The Argument Reasoning Comprehension Task (ARCT) defers the problem of discovering warrants and focuses on inference. An argument is provided, comprising a claim C and reason R. The task is to pick the correct warrant W over a distractor, an alternative warrant A. The alternative is written such that R & A -> !C.

Even supplying warrants, learners still need to rely on further world knowledge. In the example before, it's necessary to know how consumer choice and web re-directs relate to the concept of monopoly, and that Google is a search engine.

All but one participating system in the shared task could not exceed 60% accuracy (on binary classification).

BERT and ARCT

Therefore, it is surprising that BERT achieves 77% test set accuracy, only 3 points below the average (untrained) human baseline. It doesn't seem reasonable to expect it to perform so well without world knowledge.

What has BERT learned about argument comprehension?

BERT exploits the presence of cue words in the warrant, especially not. We demonstrate that BERT's surprising performance can be entirely accounted for in terms of exploiting spurious statistical cues.

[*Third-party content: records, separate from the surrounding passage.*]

lemma kab_equiv_iff_take_eq_and_occ_eq:
  assumes "k \<ge> 1" "length u = length v"
  shows "kab_equiv k u v \<longleftrightarrow>
    take (k - 1) u = take (k - 1) v \<and> (\<forall>w. length w = k \<longrightarrow> occ u w = occ v w)"
  using kab_equiv_imp_take_eq[OF _ assms] occ_eq_shorter_words[of k u v]
  unfolding kab_equiv_def by auto

lemma length_factor [simp]: "length (factor x i n) = n"
  by (simp add: factor_def)

lemma take_factor: "take m (factor x i n) = factor x i (min m n)"
  by (simp add: factor_def take_map min_def)

lemma take_drop_factor: "p + m \<le> n \<Longrightarrow> take m (drop p (factor x i n)) = factor x (i + p) m"
  unfolding factor_def by (simp add: drop_map take_map add.assoc)

lemma length_factors: "w \<in> factors x k \<Longrightarrow> length w = k"
  unfolding factors_def by auto

lemma finite_factors: "finite A \<Longrightarrow> \<forall>n. x n \<in> A \<Longrightarrow> finite (factors x n)"
  by (rule finite_subset[OF _ finite_lists_length_eq[of A n]]) (auto simp: factors_def factor_def)

lemma block_code_in_factors: "block_code k x i \<in> factors x k"
  unfolding block_code_def factors_def by auto

lemma prefix_count_not_factor: "w \<notin> factors x k \<Longrightarrow> prefix_count (block_code k x) w m = 0"
  unfolding prefix_count_def using block_code_in_factors[of k x] by auto

lemma prefix_count_add:
  "prefix_count y w (i + m) = prefix_count y w i + card {p. p < m \<and> y (i + p) = w}"
proof -
  have "{q. q < i + m \<and> y q = w} = {q. q < i \<and> y q = w} \<union> (\<lambda>p. i + p) ` {p. p < m \<and> y (i + p) = w}"
    by (auto simp: image_iff) (metis add_diff_inverse_nat add_less_imp_less_left)
  moreover have "card ((\<lambda>p. i + p) ` {p. p < m \<and> y (i + p) = w}) = card {p. p < m \<and> y (i + p) = w}"
    by (rule card_image) (auto simp: inj_on_def)
  moreover have "card ({q. q < i \<and> y q = w} \<union> (\<lambda>p. i + p) ` {p. p < m \<and> y (i + p) = w}) =
      card {q. q < i \<and> y q = w} + card ((\<lambda>p. i + p) ` {p. p < m \<and> y (i + p) = w})"
    by (rule card_Un_disjoint) auto
  ultimately show ?thesis
    unfolding prefix_count_def by simp
qed

text \<open>Occurrences of a length-\<open>k\<close> word in a factor of length \<open>n\<close> are occurrences of a letter in a
  factor of length \<open>n - (k - 1)\<close> of the block code.\<close>
lemma prefix_count_block_code_factor:
  assumes "length w = k" "k \<ge> 1"
  shows "prefix_count (block_code k x) w (i + (n - (k - 1))) =
    prefix_count (block_code k x) w i + occ (factor x i n) w"
proof -
  have "{p. p + length w \<le> length (factor x i n) \<and> take (length w) (drop p (factor x i n)) = w} =
      {p. p < n - (k - 1) \<and> block_code k x (i + p) = w}"
    using assms take_drop_factor[of _ k n x i] unfolding block_code_def
    by (auto simp: less_diff_conv)
  then show ?thesis
    unfolding occ_def by (simp add: prefix_count_add)
qed

definition new_class_positions :: "nat \<Rightarrow> (nat \<Rightarrow> 'a) \<Rightarrow> nat \<Rightarrow> nat set" where
  "new_class_positions k x n = {i. \<forall>j<i. \<not> kab_equiv k (factor x i n) (factor x j n)}"

text \<open>Each \<open>k\<close>-abelian class of factors is represented by the position of its first occurrence.\<close>
lemma bij_betw_new_class_positions:
  "bij_betw (\<lambda>i. {v \<in> factors x n. kab_equiv k (factor x i n) v}) (new_class_positions k x n)
    ((\<lambda>u. {v \<in> factors x n. kab_equiv k u v}) ` factors x n)"
proof -
  let ?f = "\<lambda>i. factor x i n"
  let ?cls = "\<lambda>u. {v \<in> factors x n. kab_equiv k u v}"
  have equiv: "kab_equiv k u u" "kab_equiv k u v \<Longrightarrow> kab_equiv k v u"
    "kab_equiv k u v \<Longrightarrow> kab_equiv k v w \<Longrightarrow> kab_equiv k u w" for u v w :: "'a list"
    by (auto simp: kab_equiv_def)
  have cls_eq: "kab_equiv k u v \<Longrightarrow> ?cls u = ?cls v" for u v
    using equiv by blast
  show ?thesis
    unfolding bij_betw_def
  proof
    show "inj_on (\<lambda>i. ?cls (?f i)) (new_class_positions k x n)"
    proof (rule inj_onI)
      fix i i' assume "i \<in> new_class_positions k x n" "i' \<in> new_class_positions k x n"
        and "?cls (?f i) = ?cls (?f i')"
      moreover have "?f i \<in> ?cls (?f i)" unfolding factors_def using equiv(1) by auto
      ultimately show "i = i'"
        unfolding new_class_positions_def using equiv(2) by (metis (lifting) linorder_neqE_nat
            mem_Collect_eq)
    qed
    have "?cls (?f i0) \<in> (\<lambda>i. ?cls (?f i)) ` new_class_positions k x n" for i0
    proof -
      define i where "i = (LEAST i. kab_equiv k (?f i) (?f i0))"
      have i: "kab_equiv k (?f i) (?f i0)"
        unfolding i_def by (rule LeastI[of _ i0]) (rule equiv(1))
      have "i \<in> new_class_positions k x n"
        unfolding new_class_positions_def
      proof (intro CollectI allI impI notI)
        fix j assume "j < i" "kab_equiv k (?f i) (?f j)"
        then have "kab_equiv k (?f j) (?f i0)" using equiv(2,3) i by blast
        then have "i \<le> j" unfolding i_def by (rule Least_le)
        then show False using \<open>j < i\<close> by simp
      qed
      then show ?thesis using cls_eq[OF i] by auto
    qed
    then show "(\<lambda>i. ?cls (?f i)) ` new_class_positions k x n = ?cls ` factors x n"
      unfolding factors_def by auto
  qed
qed

lemma kab_complexity_eq_card_new_class_positions:
  "kab_complexity k x n = card (new_class_positions k x n)"
  unfolding kab_complexity_def by (rule bij_betw_same_card[OF bij_betw_new_class_positions, symmetric])

lemma finite_new_class_positions:
  "finite A \<Longrightarrow> \<forall>n. x n \<in> A \<Longrightarrow> finite (new_class_positions k x n)"
  using bij_betw_finite[OF bij_betw_new_class_positions] finite_factors by blast


text \<open>With \<open>B\<close> the block code, \<open>P t\<close> the prefix counts of its \<open>t\<close>-th letter and \<open>K = k - 1\<close>, this
  expresses that the length-\<open>n\<close> factors at \<open>i\<close> and \<open>j\<close> are \<open>k\<close>-abelian equivalent (see
  \<open>kab_factor_rel_block_code_iff\<close>); the counts are compared without subtraction.\<close>
definition kab_factor_rel ::
  "(nat \<Rightarrow> 'b list) \<Rightarrow> (nat \<Rightarrow> nat \<Rightarrow> nat) \<Rightarrow> nat \<Rightarrow> nat \<Rightarrow> nat \<Rightarrow> nat \<Rightarrow> nat \<Rightarrow> bool" where
  "kab_factor_rel B P c K n i j \<longleftrightarrow> take (min n K) (B i) = take (min n K) (B j) \<and>
     (\<forall>t<c. P t (i + (n - K)) + P t j = P t (j + (n - K)) + P t i)"

context regular_numeration
begin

Since R & A -> !C, we can add a copy of each data point with the claim negated and the label inverted. The distribution of the statistical cues in the warrants is mirrored over both labels, eliminating the signal. On this adversarial dataset all models perform randomly, with BERT achieving a maximum test set accuracy of 53%.

The adversarial dataset therefore provides a more robust evaluation of argument comprehension and should be adopted as the standard in future work on this dataset.

Statistical Cues

The major source of spurious statistical cues in ARCT comes from uneven distributions of linguistic artifacts over the warrants, and therefore over the labels.

The productivity and coverage (formulas in paper) of the strongest unigram cue was for not, followed by 'is', 'do', and 'are'. Bigrams occurring with not, 'will not', 'cannot', were also found to be highly productive.

Adversarial test set

Given R & A -> !C, we can negate the claim and invert the label for each data point. The adversarial examples are then combined with the original data, eliminating the problem by mirroring the distributions of cues around both labels.

  • First experimental setup: models trained and validated on the original data were evaluated on the adversarial set. All results were worse than random due to overfitting the cues in the original data set.
  • Second experimental setup: models trained from scratch on adversarial training and val sets, then evaluated on the adversarial test set. BERT's peak performance is reduced to 53%.

The adversarial dataset has successfully eliminated the clues as expected, providing a more robust evaluation of machine argument comprehension.

With little to no understanding about the reailty underlying these arguments, good performance shouldn't be feasible.